→ Problem to work on:
All entries must be given again exactly as written.

→ Stored items:
lemma tanner_acyclic: "tanner_acyclic R C H"
  unfolding tanner_acyclic_def
proof
  assume "\<exists>vs. 3 \<le> length vs \<and> distinct vs \<and>
    (\<forall>i < length vs. (vs ! i, vs ! ((i + 1) mod length vs)) \<in> tanner_edges R C H)"
  then obtain vs where len: "3 \<le> length vs" and dist: "distinct vs"
    and edge: "\<And>i. i < length vs \<Longrightarrow> (vs ! i, vs ! ((i + 1) mod length vs)) \<in> tanner_edges R C H"
    by blast
  define L where "L = length vs"
  have L3: "3 \<le> L" using len by (simp add: L_def)
  define next_index where "next_index i = (i + 1) mod L" for i
  have next_lt: "next_index i < L" for i
    using L3 by (simp add: next_index_def)
  have edge_next: "i < L \<Longrightarrow> (vs ! i, vs ! next_index i) \<in> tanner_edges R C H" for i
    using edge by (simp add: next_index_def L_def)
  have next_0: "next_index 0 = 1"
    using L3 by (simp add: next_index_def)
  obtain i v where i: "i < L" and v: "vs ! next_index i = Inr v"
  proof (cases "vs ! 1")
    case (Inr v)
    then show thesis using that[of 0 v] L3 next_0 by simp
  next
    case (Inl x)
    then obtain v where "vs ! next_index 1 = Inr v"
      using edge_next[of 1] L3 by (cases "vs ! next_index 1") auto
    then show thesis using that[of 1 v] L3 by simp
  qed
  text \<open>The variable node in position \<open>next_index i\<close> is adjacent to its two cyclic
    neighbours, which are check nodes and therefore coincide.\<close>
  obtain x where x: "vs ! i = Inl x" "x \<in> R" "v \<in> C" "H x v"
    using edge_next[OF i] v by (cases "vs ! i") auto
  obtain x' where x': "vs ! next_index (next_index i) = Inl x'" "x' \<in> R" "H x' v"
    using edge_next[OF next_lt[of i]] v by (cases "vs ! next_index (next_index i)") auto
  have "vs ! i = vs ! next_index (next_index i)"
    using x x' unique_check by simp
  then have "i = next_index (next_index i)"
    using nth_eq_iff_index_eq[OF dist] i next_lt by (simp add: L_def)
  moreover have "i \<noteq> next_index (next_index i)"
    using i L3 by (cases "i + 2 < L") (simp_all add: next_index_def mod_Suc_eq le_mod_geq)
  ultimately show False by simp
qed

→ Task answer:
lemma tanner_acyclic: "tanner_acyclic R C H"
  unfolding tanner_acyclic_def
proof
  assume "\<exists>vs. 3 \<le> length vs \<and> distinct vs \<and>
    (\<forall>i < length vs. (vs ! i, vs ! ((i + 1) mod length vs)) \<in> tanner_edges R C H)"
  then obtain vs where len: "3 \<le> length vs" and dist: "distinct vs"
    and edge: "\<And>i. i < length vs \<Longrightarrow> (vs ! i, vs ! ((i + 1) mod length vs)) \<in> tanner_edges R C H"
    by blast
  define L where "L = length vs"
  have L3: "3 \<le> L" using len by (simp add: L_def)
  define next_index where "next_index i = (i + 1) mod L" for i
  have next_lt: "next_index i < L" for i
    using L3 by (simp add: next_index_def)
  have edge_next: "i < L \<Longrightarrow> (vs ! i, vs ! next_index i) \<in> tanner_edges R C H" for i
    using edge by (simp add: next_index_def L_def)
  have next_0: "next_index 0 = 1"
    using L3 by (simp add: next_index_def)
  obtain i v where i: "i < L" and v: "vs ! next_index i = Inr v"
  proof (cases "vs ! 1")
    case (Inr v)
    then show thesis using that[of 0 v] L3 next_0 by simp
  next
    case (Inl x)
    then obtain v where "vs ! next_index 1 = Inr v"
      using edge_next[of 1] L3 by (cases "vs ! next_index 1") auto
    then show thesis using that[of 1 v] L3 by simp
  qed
  text \<open>The variable node in position \<open>next_index i\<close> is adjacent to its two cyclic
    neighbours, which are check nodes and therefore coincide.\<close>
  obtain x where x: "vs ! i = Inl x" "x \<in> R" "v \<in> C" "H x v"
    using edge_next[OF i] v by (cases "vs ! i") auto
  obtain x' where x': "vs ! next_index (next_index i) = Inl x'" "x' \<in> R" "H x' v"
    using edge_next[OF next_lt[of i]] v by (cases "vs ! next_index (next_index i)") auto
  have "vs ! i = vs ! next_index (next_index i)"
    using x x' unique_check by simp
  then have "i = next_index (next_index i)"
    using nth_eq_iff_index_eq[OF dist] i next_lt by (simp add: L_def)
  moreover have "i \<noteq> next_index (next_index i)"
    using i L3 by (cases "i + 2 < L") (simp_all add: next_index_def mod_Suc_eq le_mod_geq)
  ultimately show False by simp
qed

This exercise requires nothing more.